BRIEF
Check every line below for the word "that" and give only the number of lines where it appears.

INPUT RECORDS
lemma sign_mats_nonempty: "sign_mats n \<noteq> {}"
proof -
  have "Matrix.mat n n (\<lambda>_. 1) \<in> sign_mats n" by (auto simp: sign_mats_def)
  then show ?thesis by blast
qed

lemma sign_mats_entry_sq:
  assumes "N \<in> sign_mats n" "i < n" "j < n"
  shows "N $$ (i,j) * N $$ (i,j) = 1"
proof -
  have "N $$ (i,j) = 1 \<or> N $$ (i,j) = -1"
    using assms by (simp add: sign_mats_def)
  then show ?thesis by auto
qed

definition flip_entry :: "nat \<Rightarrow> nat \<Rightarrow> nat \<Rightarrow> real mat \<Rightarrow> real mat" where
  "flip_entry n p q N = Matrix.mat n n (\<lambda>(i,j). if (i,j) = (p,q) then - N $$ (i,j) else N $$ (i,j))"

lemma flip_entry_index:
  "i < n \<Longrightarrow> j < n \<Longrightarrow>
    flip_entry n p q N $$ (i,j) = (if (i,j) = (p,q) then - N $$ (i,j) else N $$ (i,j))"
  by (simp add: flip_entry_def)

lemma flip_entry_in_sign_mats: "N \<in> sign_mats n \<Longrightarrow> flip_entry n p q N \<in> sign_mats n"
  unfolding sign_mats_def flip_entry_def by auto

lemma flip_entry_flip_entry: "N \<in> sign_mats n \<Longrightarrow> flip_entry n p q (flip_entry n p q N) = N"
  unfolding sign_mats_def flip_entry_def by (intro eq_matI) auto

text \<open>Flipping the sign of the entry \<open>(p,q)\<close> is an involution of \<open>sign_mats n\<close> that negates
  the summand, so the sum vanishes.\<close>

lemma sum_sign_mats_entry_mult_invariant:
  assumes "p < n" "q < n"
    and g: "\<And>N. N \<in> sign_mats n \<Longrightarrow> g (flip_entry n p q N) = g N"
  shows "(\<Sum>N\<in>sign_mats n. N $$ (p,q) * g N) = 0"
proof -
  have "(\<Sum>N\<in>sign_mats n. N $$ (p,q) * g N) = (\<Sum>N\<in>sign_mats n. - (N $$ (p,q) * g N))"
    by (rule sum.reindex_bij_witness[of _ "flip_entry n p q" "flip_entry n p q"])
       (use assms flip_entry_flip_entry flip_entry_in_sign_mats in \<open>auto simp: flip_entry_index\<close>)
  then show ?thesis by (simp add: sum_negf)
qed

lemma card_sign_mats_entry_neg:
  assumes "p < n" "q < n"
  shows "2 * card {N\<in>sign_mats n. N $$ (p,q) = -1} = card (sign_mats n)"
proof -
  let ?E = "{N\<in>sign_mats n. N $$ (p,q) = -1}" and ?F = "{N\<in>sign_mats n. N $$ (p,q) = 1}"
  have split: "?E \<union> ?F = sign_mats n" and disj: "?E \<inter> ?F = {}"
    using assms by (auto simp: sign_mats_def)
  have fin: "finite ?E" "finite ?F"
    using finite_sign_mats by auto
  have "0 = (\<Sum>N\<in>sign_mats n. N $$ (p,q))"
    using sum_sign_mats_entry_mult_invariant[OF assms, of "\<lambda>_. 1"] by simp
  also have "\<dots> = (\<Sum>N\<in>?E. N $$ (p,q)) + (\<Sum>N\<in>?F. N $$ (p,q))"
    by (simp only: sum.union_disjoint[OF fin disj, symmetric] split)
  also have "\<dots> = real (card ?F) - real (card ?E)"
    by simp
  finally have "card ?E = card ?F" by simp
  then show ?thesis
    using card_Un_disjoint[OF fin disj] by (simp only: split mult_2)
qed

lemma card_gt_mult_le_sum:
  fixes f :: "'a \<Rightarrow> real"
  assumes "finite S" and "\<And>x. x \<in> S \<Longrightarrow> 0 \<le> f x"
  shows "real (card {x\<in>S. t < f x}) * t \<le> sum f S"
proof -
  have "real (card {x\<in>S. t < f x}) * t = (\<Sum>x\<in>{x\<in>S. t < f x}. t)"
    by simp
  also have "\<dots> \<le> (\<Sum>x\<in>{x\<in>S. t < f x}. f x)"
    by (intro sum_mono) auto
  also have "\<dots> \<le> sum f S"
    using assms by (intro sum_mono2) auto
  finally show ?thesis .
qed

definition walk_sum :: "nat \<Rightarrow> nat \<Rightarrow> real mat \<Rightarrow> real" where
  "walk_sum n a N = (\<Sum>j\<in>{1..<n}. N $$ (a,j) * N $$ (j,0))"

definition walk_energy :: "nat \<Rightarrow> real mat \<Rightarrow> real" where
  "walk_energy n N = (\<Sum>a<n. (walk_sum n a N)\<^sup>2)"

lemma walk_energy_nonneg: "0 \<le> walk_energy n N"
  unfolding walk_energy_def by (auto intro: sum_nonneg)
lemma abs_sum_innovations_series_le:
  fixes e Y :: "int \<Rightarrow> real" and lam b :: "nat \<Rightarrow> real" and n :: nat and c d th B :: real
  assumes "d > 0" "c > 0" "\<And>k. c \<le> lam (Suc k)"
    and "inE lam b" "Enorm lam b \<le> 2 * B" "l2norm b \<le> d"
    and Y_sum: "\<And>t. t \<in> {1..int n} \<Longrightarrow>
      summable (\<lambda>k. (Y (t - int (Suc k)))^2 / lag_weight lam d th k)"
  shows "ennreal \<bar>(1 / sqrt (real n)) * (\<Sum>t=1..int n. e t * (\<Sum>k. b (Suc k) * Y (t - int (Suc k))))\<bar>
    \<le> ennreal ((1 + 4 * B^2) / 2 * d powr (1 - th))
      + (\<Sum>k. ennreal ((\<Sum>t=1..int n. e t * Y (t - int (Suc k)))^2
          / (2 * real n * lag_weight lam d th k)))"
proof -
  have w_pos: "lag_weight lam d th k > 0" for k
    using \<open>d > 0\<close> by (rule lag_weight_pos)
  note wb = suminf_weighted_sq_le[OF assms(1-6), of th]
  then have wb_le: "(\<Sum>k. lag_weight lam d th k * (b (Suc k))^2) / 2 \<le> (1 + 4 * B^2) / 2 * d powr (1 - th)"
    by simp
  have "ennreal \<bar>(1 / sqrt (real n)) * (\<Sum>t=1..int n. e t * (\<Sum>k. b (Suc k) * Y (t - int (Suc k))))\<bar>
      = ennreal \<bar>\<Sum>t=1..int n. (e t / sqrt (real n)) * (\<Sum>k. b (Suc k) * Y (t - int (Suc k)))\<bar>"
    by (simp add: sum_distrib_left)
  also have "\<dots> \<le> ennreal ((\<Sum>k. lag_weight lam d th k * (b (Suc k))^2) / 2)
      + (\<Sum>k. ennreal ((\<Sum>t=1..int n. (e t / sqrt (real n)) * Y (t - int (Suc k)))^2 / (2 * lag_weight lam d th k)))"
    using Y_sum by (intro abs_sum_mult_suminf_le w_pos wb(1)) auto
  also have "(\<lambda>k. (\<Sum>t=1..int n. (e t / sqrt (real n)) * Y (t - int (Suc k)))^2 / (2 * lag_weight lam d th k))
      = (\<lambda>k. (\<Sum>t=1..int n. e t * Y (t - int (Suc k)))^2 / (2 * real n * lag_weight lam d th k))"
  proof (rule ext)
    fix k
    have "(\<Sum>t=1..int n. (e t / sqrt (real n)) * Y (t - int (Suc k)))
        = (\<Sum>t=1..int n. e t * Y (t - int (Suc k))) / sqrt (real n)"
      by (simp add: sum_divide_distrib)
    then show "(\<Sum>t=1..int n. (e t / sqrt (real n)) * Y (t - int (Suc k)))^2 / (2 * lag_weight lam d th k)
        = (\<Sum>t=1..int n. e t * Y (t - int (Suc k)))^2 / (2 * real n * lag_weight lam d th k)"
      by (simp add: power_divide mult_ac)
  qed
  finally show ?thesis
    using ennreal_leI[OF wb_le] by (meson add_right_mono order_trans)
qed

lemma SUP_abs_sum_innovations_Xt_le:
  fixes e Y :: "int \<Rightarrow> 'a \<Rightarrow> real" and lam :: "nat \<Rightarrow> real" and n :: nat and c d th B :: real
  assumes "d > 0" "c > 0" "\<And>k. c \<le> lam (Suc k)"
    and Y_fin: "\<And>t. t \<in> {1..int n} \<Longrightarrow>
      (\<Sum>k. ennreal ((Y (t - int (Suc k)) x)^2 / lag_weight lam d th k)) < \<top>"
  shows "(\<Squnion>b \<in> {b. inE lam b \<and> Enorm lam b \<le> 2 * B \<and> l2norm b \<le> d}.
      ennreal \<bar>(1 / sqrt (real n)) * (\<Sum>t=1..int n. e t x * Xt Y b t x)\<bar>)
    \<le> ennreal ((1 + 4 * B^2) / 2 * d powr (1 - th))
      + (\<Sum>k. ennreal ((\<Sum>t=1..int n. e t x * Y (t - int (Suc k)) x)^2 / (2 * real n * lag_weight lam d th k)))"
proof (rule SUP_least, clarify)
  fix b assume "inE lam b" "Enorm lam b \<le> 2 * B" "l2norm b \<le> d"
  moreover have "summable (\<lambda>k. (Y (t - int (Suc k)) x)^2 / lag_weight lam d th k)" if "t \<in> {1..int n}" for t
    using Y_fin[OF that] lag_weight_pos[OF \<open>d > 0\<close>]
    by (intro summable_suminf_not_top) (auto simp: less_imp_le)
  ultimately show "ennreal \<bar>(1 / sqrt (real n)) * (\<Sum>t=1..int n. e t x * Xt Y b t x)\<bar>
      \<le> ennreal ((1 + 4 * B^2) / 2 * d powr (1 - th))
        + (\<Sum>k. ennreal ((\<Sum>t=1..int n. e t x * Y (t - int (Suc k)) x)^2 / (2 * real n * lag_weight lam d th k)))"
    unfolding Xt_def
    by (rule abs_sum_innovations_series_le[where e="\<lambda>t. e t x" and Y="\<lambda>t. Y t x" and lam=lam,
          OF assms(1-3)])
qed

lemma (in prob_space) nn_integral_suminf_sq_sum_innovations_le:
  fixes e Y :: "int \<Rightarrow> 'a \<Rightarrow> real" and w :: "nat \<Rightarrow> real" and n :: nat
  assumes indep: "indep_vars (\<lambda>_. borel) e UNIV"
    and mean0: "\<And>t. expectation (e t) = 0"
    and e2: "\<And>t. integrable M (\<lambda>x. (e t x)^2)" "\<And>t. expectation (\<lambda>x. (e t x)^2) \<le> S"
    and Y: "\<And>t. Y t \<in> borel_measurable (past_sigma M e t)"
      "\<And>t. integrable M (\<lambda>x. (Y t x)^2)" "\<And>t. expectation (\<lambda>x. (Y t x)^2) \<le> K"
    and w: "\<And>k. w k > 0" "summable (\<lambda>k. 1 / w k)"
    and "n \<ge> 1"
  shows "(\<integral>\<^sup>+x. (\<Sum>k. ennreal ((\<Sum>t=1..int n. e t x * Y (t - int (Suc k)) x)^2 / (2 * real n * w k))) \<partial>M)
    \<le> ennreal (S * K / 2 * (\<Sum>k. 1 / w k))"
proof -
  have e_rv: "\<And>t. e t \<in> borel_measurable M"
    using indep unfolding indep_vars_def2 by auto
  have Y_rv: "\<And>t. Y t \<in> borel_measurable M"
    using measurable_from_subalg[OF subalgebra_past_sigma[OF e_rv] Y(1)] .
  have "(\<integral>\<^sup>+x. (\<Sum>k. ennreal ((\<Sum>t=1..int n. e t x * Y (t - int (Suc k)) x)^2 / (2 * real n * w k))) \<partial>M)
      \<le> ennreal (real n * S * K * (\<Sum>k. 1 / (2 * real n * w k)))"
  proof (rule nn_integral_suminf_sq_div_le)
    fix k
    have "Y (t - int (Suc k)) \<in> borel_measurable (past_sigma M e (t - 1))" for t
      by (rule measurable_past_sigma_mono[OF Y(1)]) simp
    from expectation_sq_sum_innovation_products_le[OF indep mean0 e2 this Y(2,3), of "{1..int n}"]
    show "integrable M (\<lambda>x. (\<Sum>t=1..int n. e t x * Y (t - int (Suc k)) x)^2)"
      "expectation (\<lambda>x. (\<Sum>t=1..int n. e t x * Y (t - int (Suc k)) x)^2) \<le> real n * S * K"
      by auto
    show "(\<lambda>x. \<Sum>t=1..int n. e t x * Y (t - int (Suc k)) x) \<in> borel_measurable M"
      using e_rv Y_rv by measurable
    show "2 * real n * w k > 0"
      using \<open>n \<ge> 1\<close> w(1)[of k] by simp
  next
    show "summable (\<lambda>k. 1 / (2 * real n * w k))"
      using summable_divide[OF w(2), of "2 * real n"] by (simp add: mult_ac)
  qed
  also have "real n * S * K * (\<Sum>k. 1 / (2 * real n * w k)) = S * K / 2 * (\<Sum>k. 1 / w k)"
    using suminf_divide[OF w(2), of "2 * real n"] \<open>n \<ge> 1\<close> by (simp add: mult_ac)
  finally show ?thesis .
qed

TASK SOLUTION
2